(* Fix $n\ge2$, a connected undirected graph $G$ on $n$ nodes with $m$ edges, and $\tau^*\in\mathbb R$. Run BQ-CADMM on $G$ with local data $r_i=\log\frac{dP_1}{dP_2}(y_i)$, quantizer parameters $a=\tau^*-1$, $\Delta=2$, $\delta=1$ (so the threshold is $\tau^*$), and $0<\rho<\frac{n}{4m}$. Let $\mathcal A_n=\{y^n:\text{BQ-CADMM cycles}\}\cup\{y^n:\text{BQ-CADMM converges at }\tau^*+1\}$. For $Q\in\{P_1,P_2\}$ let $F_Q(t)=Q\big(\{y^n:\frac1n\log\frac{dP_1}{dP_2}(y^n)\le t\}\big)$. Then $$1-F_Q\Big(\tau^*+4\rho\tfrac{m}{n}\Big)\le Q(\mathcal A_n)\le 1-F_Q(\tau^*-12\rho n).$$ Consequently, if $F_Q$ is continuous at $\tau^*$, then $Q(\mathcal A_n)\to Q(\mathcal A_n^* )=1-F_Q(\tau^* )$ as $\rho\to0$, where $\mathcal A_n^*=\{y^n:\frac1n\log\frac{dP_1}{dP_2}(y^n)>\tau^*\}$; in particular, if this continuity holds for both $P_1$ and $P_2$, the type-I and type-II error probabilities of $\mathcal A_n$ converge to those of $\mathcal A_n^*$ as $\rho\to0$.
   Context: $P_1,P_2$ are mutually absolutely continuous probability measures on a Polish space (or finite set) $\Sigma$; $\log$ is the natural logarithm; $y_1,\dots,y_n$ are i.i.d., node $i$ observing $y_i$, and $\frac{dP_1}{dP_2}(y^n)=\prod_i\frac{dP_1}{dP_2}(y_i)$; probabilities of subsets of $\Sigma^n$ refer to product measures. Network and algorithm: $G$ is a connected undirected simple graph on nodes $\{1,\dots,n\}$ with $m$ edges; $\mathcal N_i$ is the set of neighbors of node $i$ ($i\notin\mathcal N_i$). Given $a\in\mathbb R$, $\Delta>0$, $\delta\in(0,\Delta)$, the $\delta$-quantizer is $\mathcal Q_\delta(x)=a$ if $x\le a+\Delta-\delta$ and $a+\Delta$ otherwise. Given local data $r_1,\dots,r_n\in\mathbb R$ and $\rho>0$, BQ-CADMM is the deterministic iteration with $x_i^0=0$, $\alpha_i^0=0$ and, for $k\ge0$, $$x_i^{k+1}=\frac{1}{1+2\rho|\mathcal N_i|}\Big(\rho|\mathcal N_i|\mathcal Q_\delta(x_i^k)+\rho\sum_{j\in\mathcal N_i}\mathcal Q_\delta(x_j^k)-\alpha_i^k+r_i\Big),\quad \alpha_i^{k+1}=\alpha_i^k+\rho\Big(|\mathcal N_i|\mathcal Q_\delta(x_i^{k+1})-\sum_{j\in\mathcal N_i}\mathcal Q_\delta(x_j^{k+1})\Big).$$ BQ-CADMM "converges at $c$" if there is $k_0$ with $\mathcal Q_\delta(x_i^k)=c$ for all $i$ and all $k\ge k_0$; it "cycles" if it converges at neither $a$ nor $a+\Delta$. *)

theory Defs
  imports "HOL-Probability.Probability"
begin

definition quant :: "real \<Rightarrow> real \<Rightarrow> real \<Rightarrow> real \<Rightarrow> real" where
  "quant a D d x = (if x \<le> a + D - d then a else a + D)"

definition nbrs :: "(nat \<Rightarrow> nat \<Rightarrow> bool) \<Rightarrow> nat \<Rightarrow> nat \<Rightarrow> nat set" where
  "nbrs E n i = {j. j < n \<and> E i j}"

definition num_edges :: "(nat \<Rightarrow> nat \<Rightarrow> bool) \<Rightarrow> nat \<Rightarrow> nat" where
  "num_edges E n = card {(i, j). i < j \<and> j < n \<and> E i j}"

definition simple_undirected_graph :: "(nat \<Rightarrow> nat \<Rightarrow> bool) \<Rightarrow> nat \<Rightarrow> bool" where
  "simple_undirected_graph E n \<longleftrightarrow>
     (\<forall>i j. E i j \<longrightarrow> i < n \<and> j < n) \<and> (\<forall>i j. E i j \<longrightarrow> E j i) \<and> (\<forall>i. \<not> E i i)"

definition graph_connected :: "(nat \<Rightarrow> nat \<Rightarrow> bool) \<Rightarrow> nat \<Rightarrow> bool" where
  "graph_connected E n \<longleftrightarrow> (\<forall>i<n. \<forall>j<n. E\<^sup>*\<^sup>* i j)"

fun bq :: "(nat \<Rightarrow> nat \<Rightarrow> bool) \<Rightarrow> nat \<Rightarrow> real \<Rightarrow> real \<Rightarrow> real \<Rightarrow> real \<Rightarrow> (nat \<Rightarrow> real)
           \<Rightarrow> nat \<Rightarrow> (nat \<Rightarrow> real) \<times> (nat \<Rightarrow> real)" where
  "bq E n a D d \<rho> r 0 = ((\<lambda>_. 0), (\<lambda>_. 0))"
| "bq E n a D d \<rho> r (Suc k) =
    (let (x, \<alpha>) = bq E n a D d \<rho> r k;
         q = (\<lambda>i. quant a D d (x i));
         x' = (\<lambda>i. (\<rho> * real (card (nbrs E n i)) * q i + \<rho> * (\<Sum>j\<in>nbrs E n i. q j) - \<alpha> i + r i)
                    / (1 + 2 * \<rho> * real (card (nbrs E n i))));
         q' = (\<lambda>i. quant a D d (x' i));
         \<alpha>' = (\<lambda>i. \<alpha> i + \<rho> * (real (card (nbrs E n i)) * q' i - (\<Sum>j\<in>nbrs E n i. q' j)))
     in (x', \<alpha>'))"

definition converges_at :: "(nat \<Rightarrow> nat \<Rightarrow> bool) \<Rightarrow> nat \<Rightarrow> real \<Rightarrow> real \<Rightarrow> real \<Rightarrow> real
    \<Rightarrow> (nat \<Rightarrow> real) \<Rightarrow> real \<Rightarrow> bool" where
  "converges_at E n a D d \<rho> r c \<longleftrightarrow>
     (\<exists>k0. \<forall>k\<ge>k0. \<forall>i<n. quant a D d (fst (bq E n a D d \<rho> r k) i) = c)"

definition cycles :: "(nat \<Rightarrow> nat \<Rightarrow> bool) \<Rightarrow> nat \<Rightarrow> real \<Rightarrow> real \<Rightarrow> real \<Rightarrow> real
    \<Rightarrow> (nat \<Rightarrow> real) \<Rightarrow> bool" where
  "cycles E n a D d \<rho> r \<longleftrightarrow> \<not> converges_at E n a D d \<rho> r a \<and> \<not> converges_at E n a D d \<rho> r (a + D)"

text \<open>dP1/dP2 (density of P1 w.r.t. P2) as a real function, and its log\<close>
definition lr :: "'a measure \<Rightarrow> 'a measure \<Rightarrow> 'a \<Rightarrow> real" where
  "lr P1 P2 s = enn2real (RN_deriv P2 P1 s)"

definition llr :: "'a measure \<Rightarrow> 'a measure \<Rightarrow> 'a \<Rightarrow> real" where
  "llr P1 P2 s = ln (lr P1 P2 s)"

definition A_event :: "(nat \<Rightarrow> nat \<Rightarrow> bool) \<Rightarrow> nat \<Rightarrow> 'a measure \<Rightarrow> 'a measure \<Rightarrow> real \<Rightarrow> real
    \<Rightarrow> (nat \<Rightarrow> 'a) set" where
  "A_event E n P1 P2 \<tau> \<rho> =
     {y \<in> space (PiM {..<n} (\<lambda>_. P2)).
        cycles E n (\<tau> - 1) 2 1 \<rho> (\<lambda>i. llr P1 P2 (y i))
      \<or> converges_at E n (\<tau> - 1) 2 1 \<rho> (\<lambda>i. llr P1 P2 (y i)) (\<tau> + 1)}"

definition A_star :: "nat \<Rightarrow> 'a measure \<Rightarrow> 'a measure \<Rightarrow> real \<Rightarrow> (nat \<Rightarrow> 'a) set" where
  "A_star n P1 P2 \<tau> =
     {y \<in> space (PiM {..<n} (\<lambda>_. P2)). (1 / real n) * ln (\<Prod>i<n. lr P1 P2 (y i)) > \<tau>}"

::::::::::

Take from the material above the lines running from the one with "real) \<Rightarrow> real" through the one with "(\<exists>k0. \<forall>k\<ge>k0. \<forall>i<n.", and repeat them exactly, with nothing else.

    \<Rightarrow> (nat \<Rightarrow> real) \<Rightarrow> real \<Rightarrow> bool" where
  "converges_at E n a D d \<rho> r c \<longleftrightarrow>
     (\<exists>k0. \<forall>k\<ge>k0. \<forall>i<n. quant a D d (fst (bq E n a D d \<rho> r k) i) = c)"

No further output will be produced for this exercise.